Your assignment >> Could you write out the lines below exactly, beginning with the first and finishing with the one that contains "define K where"?

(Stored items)
####
text \<open>For summable nonnegative weights a_n, the series sum_n a_n dist_b(Y_n)^(-g) has
  finite expectation and hence converges almost surely (no independence needed).\<close>
lemma (in prob_space) summable_boundary_weighted:
  fixes Y :: "nat \<Rightarrow> 'a \<Rightarrow> real" and a :: "nat \<Rightarrow> real"
  assumes Yd: "\<And>n. distributed M lborel (Y n) (\<lambda>x. indicator {0..1} x / measure lborel {0..1::real})"
    and a0: "\<And>n. 0 \<le> a n" and sa: "summable a" and g: "0 < g" "g < 1"
  shows "AE \<omega> in M. summable (\<lambda>n. a n * boundary_dist (Y n \<omega>) powr (-g))"
proof -
  define K where "K = (\<integral>\<^sup>+x. ennreal (indicator {0..1} x / measure lborel {0..1::real}) * ennreal (boundary_dist x powr (-g)) \<partial>lborel)"
  have K: "K < \<infinity>" unfolding K_def by (rule nn_integral_boundary_dist_finite[OF g])
  have Ym[measurable]: "Y n \<in> borel_measurable M" for n using distributed_measurable[OF Yd[of n]] by simp
  have term_eq: "(\<integral>\<^sup>+\<omega>. ennreal (a n * boundary_dist (Y n \<omega>) powr (-g)) \<partial>M) = ennreal (a n) * K" for n
  proof -
    have "(\<integral>\<^sup>+\<omega>. ennreal (a n * boundary_dist (Y n \<omega>) powr (-g)) \<partial>M)
        = ennreal (a n) * (\<integral>\<^sup>+\<omega>. ennreal (boundary_dist (Y n \<omega>) powr (-g)) \<partial>M)"
      using a0 by (simp add: ennreal_mult nn_integral_cmult)
    also have "(\<integral>\<^sup>+\<omega>. ennreal (boundary_dist (Y n \<omega>) powr (-g)) \<partial>M) = K"
      unfolding K_def using distributed_nn_integral[OF Yd[of n], of "\<lambda>x. ennreal (boundary_dist x powr (-g))"] by simp
    finally show ?thesis .
  qed
  have "(\<integral>\<^sup>+\<omega>. (\<Sum>n. ennreal (a n * boundary_dist (Y n \<omega>) powr (-g))) \<partial>M) = (\<Sum>n. ennreal (a n)) * K"
    by (subst nn_integral_suminf) (auto simp: term_eq)
  also have "\<dots> < \<infinity>" using K ennreal_suminf_neq_top[OF sa a0]
    by (simp add: ennreal_mult_less_top less_top)
  finally have "AE \<omega> in M. (\<Sum>n. ennreal (a n * boundary_dist (Y n \<omega>) powr (-g))) \<noteq> \<infinity>"
    by (intro nn_integral_PInf_AE) auto
  then show ?thesis
    by eventually_elim (rule summable_suminf_not_top, use a0 in auto)
qed

theorem theorem4:
  fixes M :: "'a measure" and Z Y :: "nat \<Rightarrow> 'a \<Rightarrow> real" and \<alpha> \<gamma> :: real
  assumes "prob_space M"
    and "0 < \<alpha>" "\<alpha> < 1" "0 < \<gamma>" "\<gamma> < 1"
    and "\<And>n. distributed M lborel (Z n) (exponential_density 1)"
    and "\<And>n. distributed M lborel (Y n) (\<lambda>x. indicator {0..1} x / measure lborel {0..1::real})"
    and "prob_space.indep_vars M (\<lambda>_. borel) (case_sum Z Y) UNIV"
  shows "AE \<omega> in M. 0 < beta_crit \<alpha> \<gamma> Z Y \<omega>"
proof -
  interpret prob_space M by fact
  define a where "a n = (real n + 1) powr (-1/\<alpha>)" for n
  have "summable (\<lambda>n. real n powr (-1/\<alpha>))"
    using assms(2,3) by (simp add: summable_real_powr_iff field_simps)
  then have "summable (\<lambda>n. real (Suc n) powr (-1/\<alpha>))" by (rule summable_Suc_iff[THEN iffD2])
  then have sa: "summable a" unfolding a_def by (simp add: add.commute)
  have "AE \<omega> in M. summable (\<lambda>n. a n * boundary_dist (Y n \<omega>) powr (-\<gamma>))"
    using assms(7) _ sa assms(4,5) by (rule summable_boundary_weighted) (simp add: a_def)
  moreover have "AE \<omega> in M. \<forall>n. Y n \<omega> \<in> {0<..<1}"
    unfolding AE_all_countable using uniform_interior[OF assms(7)] by blast
  moreover have "AE \<omega> in M. eventually (\<lambda>n. (real n + 1)/2 < (\<Sum>j\<le>n. Z j \<omega>)) sequentially"
    using assms(6) indep_vars_Inl[OF assms(8)] by (rule partial_sums_eventually_large)
  ultimately show ?thesis
  proof eventually_elim
    case (elim \<omega>)
    have Y01: "\<And>n. Y n \<omega> \<in> {0<..<1}" using elim(2) by blast
    have "summable (\<lambda>n. (\<Sum>j\<le>n. Z j \<omega>) powr (-1/\<alpha>) * boundary_dist (Y n \<omega>) powr (-\<gamma>))"
      using assms(2) _ elim(3) elim(1)[unfolded a_def] by (rule summable_disorder_weights) simp
    with Y01 show ?case by (rule beta_crit_pos_if_summable[OF assms(4,5)])
  qed
qed

end
(* Let $d_1,\dots,d_m$ be positive integers with $\sum_{j=1}^m d_j=n$ and let $B=\sum_{j=1}^m d_j\log_2(n/d_j)$. Fix $i$ and let $d_i'=d_i+1$, $d_j'=d_j$ for $j\ne i$, $n'=n+1$, and $B'=\sum_{j=1}^m d_j'\log_2(n'/d_j')$. Then there is an absolute constant $c>0$ (independent of $n,m,d_1,\dots,d_m,i$) such that $$(B'+n')-(B+n)\ \ge\ c\cdot\log(n/d_i).$$
   Context: $\log_2$ denotes the binary logarithm and $\log(x):=\max(\log_2 x,1)$. This models inserting one element into gap $\Delta_i$ of a partition of $n$ elements into gaps of sizes $d_j=|\Delta_j|$. *)

theory Defs
  imports Complex_Main
begin

text \<open>Truncated binary logarithm: log(x) = max(log_2 x, 1).\<close>
definition lg :: "real \<Rightarrow> real" where
  "lg x = max (log 2 x) 1"

definition Bsum :: "nat \<Rightarrow> (nat \<Rightarrow> nat) \<Rightarrow> nat \<Rightarrow> real" where
  "Bsum m d n = (\<Sum>j=1..m. real (d j) * log 2 (real n / real (d j)))"

end

theory Submission
  imports Defs "HOL-Analysis.Harmonic_Numbers"
begin

text \<open>
  Writing \<open>f x = x log\<^sub>2 x\<close>, we have \<open>B = f n - \<Sum>\<^sub>j f d\<^sub>j\<close>, so inserting into gap \<open>i\<close>
  changes \<open>B + n\<close> by \<open>1 + (f (n+1) - f n) - (f (d\<^sub>i+1) - f d\<^sub>i)\<close>. Since
  \<open>f (x+1) - f x = x (log\<^sub>2 (x+1) - log\<^sub>2 x) + log\<^sub>2 (x+1)\<close>, this equals
  \<open>1 + n (log\<^sub>2 (n+1) - log\<^sub>2 n) - d\<^sub>i (log\<^sub>2 (d\<^sub>i+1) - log\<^sub>2 d\<^sub>i) + log\<^sub>2 ((n+1)/(d\<^sub>i+1))\<close>.
  The first product is at least 1 because \<open>(1 + 1/n)\<^sup>n \<ge> 2\<close>, the second at most
  \<open>1/ln 2 \<le> 3/2\<close>, and the last term is nonnegative and at least \<open>log\<^sub>2 (n/d\<^sub>i) - 1\<close>;
  hence the gain is at least \<open>lg (n/d\<^sub>i) / 2\<close>.
\<close>

lemma mult_log2_increment_ge_1:
  fixes n :: nat
  assumes "1 \<le> n"
  shows "real n * (log 2 (real n + 1) - log 2 (real n)) \<ge> 1"
proof -
  have n_pos: "real n > 0" using assms by simp
  have "1 + real n * (1 / real n) \<le> (1 + 1 / real n) ^ n"
    using divide_nonneg_nonneg[of 1 "real n"] by (intro Bernoulli_inequality) linarith
  hence "2 \<le> (1 + 1 / real n) ^ n"
    using n_pos by simp
  hence "ln 2 \<le> ln ((1 + 1 / real n) ^ n)"
    using n_pos by (subst ln_le_cancel_iff) auto
  also have "\<dots> = real n * ln (1 + 1 / real n)"
    using n_pos by (simp add: ln_realpow)
  also have "ln (1 + 1 / real n) = ln (real n + 1) - ln (real n)"
    using n_pos ln_div[of "real n + 1" "real n"] by (simp add: field_simps)
  finally have "ln 2 \<le> real n * (ln (real n + 1) - ln (real n))" .
  thus ?thesis
    by (simp add: log_def field_simps flip: diff_divide_distrib)
qed

lemma mult_log2_increment_le_3_2:
  fixes x :: real
  assumes "0 < x"
  shows "x * (log 2 (x + 1) - log 2 x) \<le> 3/2"
proof -
  have "ln (x + 1) - ln x = ln (1 + 1 / x)"
    using assms ln_div[of "x + 1" x] by (simp add: field_simps)
  also have "\<dots> \<le> 1 / x"
    using assms by (intro ln_add_one_self_le_self) simp
  finally have "x * (ln (x + 1) - ln x) \<le> 1"
    using assms by (simp add: field_simps)
  moreover have "1 / ln 2 \<le> (3/2 :: real)"
    using ln2_ge_two_thirds by (simp add: field_simps)
  ultimately show ?thesis
    by (simp add: log_def field_simps flip: diff_divide_distrib)
qed

lemma log2_succ_ratio_ge:
  fixes x y :: real
  assumes "1 \<le> y" "y \<le> x"
  shows "log 2 ((x + 1) / (y + 1)) \<ge> log 2 (x / y) - 1"
proof -
  have "x * 1 \<le> x * y"
    using assms by (intro mult_left_mono) auto
  moreover have "x * (y + 1) = x * y + x" "(x + 1) * (2 * y) = 2 * (x * y) + 2 * y"
    by (simp_all add: algebra_simps)
  ultimately have "x * (y + 1) \<le> (x + 1) * (2 * y)"
    using assms by linarith
  hence "x / (2 * y) \<le> (x + 1) / (y + 1)"
    using assms by (simp add: field_simps)
  hence "log 2 (x / (2 * y)) \<le> log 2 ((x + 1) / (y + 1))"
    using assms by (subst log_le_cancel_iff) auto
  thus ?thesis
    using assms by (simp add: log_divide log_mult)
qed

lemma xlog_increment_gap:
  fixes n D :: nat
  assumes "1 \<le> D" "D \<le> n"
  shows "1 + ((real n + 1) * log 2 (real n + 1) - real n * log 2 (real n))
           - ((real D + 1) * log 2 (real D + 1) - real D * log 2 (real D))
         \<ge> 1/2 * lg (real n / real D)"
proof -
  have n_gain: "real n * (log 2 (real n + 1) - log 2 (real n)) \<ge> 1"
    using assms by (intro mult_log2_increment_ge_1) simp
  have D_loss: "real D * (log 2 (real D + 1) - log 2 (real D)) \<le> 3/2"
    using assms by (intro mult_log2_increment_le_3_2) simp
  have ratio_nonneg: "log 2 ((real n + 1) / (real D + 1)) \<ge> 0"
    using assms by simp
  have ratio_ge: "log 2 ((real n + 1) / (real D + 1)) \<ge> log 2 (real n / real D) - 1"
    using assms by (intro log2_succ_ratio_ge) auto
  have "1 + ((real n + 1) * log 2 (real n + 1) - real n * log 2 (real n))
           - ((real D + 1) * log 2 (real D + 1) - real D * log 2 (real D))
        = 1 + real n * (log 2 (real n + 1) - log 2 (real n))
            - real D * (log 2 (real D + 1) - log 2 (real D))
            + log 2 ((real n + 1) / (real D + 1))"
    by (simp add: log_divide algebra_simps)
  thus ?thesis
    using n_gain D_loss ratio_nonneg ratio_ge unfolding lg_def by linarith
qed

lemma sum_fun_upd_add:
  fixes g :: "'a \<Rightarrow> 'b :: comm_monoid_add"
  assumes "finite A" "i \<in> A"
  shows "(\<Sum>j\<in>A. g ((d(i := x)) j)) + g (d i) = (\<Sum>j\<in>A. g (d j)) + g x"
proof -
  have rest: "(\<Sum>j\<in>A - {i}. g ((d(i := x)) j)) = (\<Sum>j\<in>A - {i}. g (d j))"
    by (rule sum.cong) auto
  show ?thesis
    using sum.remove[OF assms, of "\<lambda>j. g ((d(i := x)) j)"] sum.remove[OF assms, of "\<lambda>j. g (d j)"]
    by (simp add: rest ac_simps)
qed

lemma Bsum_eq:
  assumes "\<forall>j\<in>{1..m}. 0 < e j" "0 < k"
  shows "Bsum m e k = real (\<Sum>j=1..m. e j) * log 2 (real k)
           - (\<Sum>j=1..m. real (e j) * log 2 (real (e j)))"
proof -
  have "Bsum m e k = (\<Sum>j=1..m. real (e j) * log 2 (real k) - real (e j) * log 2 (real (e j)))"
    unfolding Bsum_def using assms
    by (intro sum.cong) (auto simp: log_divide right_diff_distrib)
  thus ?thesis
    by (simp add: sum_subtractf sum_distrib_right)
qed

lemma Bsum_gain_eq:
  assumes pos: "\<forall>j\<in>{1..m}. 0 < d j" and n_eq: "(\<Sum>j=1..m. d j) = n" and i: "i \<in> {1..m}"
  shows "(Bsum m (d(i := d i + 1)) (n + 1) + real (n + 1)) - (Bsum m d n + real n)
      = 1 + ((real n + 1) * log 2 (real n + 1) - real n * log 2 (real n))
          - ((real (d i) + 1) * log 2 (real (d i) + 1) - real (d i) * log 2 (real (d i)))"
proof -
  let ?d' = "d(i := d i + 1)"
  let ?f = "\<lambda>x. real x * log 2 (real x)"
  have pos': "\<forall>j\<in>{1..m}. 0 < ?d' j" using pos by simp
  have n_pos: "0 < n" using n_eq pos i member_le_sum[OF i, of d] by fastforce
  have n'_eq: "(\<Sum>j=1..m. ?d' j) = n + 1"
    using sum_fun_upd_add[OF _ i, of id d "d i + 1"] n_eq by simp
  have f_sum: "(\<Sum>j=1..m. ?f (?d' j)) + ?f (d i) = (\<Sum>j=1..m. ?f (d j)) + ?f (d i + 1)"
    by (rule sum_fun_upd_add[OF _ i]) simp
  have B': "Bsum m ?d' (n + 1) = real (n + 1) * log 2 (real (n + 1)) - (\<Sum>j=1..m. ?f (?d' j))"
    using Bsum_eq[OF pos', of "n + 1"] unfolding n'_eq by (simp add: fun_upd_def)
  have B: "Bsum m d n = real n * log 2 (real n) - (\<Sum>j=1..m. ?f (d j))"
    using Bsum_eq[OF pos n_pos] unfolding n_eq by simp
  show ?thesis
    using f_sum unfolding B' B by (simp add: algebra_simps)
qed

theorem lemma5p1:
  shows "\<exists>c>0. \<forall>(m::nat) (n::nat) (d::nat \<Rightarrow> nat) (i::nat).
           (\<forall>j\<in>{1..m}. 0 < d j) \<and> (\<Sum>j=1..m. d j) = n \<and> i \<in> {1..m} \<longrightarrow>
           (Bsum m (d(i := d i + 1)) (n + 1) + real (n + 1)) - (Bsum m d n + real n)
             \<ge> c * lg (real n / real (d i))"
proof (intro exI[of _ "1/2"] conjI allI impI)
  fix m n :: nat and d :: "nat \<Rightarrow> nat" and i
  assume "(\<forall>j\<in>{1..m}. 0 < d j) \<and> (\<Sum>j=1..m. d j) = n \<and> i \<in> {1..m}"
  hence pos: "\<forall>j\<in>{1..m}. 0 < d j" and n_eq: "(\<Sum>j=1..m. d j) = n" and i: "i \<in> {1..m}"
    by auto
  have D_pos: "1 \<le> d i" using pos i by (simp add: Suc_le_eq)
  have D_le: "d i \<le> n" using n_eq member_le_sum[OF i, of d] by simp
  show "(Bsum m (d(i := d i + 1)) (n + 1) + real (n + 1)) - (Bsum m d n + real n)
          \<ge> 1/2 * lg (real n / real (d i))"
    unfolding Bsum_gain_eq[OF pos n_eq i] by (rule xlog_increment_gap[OF D_pos D_le])
qed simp

end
####
Output of the exercise >>
text \<open>For summable nonnegative weights a_n, the series sum_n a_n dist_b(Y_n)^(-g) has
  finite expectation and hence converges almost surely (no independence needed).\<close>
lemma (in prob_space) summable_boundary_weighted:
  fixes Y :: "nat \<Rightarrow> 'a \<Rightarrow> real" and a :: "nat \<Rightarrow> real"
  assumes Yd: "\<And>n. distributed M lborel (Y n) (\<lambda>x. indicator {0..1} x / measure lborel {0..1::real})"
    and a0: "\<And>n. 0 \<le> a n" and sa: "summable a" and g: "0 < g" "g < 1"
  shows "AE \<omega> in M. summable (\<lambda>n. a n * boundary_dist (Y n \<omega>) powr (-g))"
proof -
  define K where "K = (\<integral>\<^sup>+x. ennreal (indicator {0..1} x / measure lborel {0..1::real}) * ennreal (boundary_dist x powr (-g)) \<partial>lborel)"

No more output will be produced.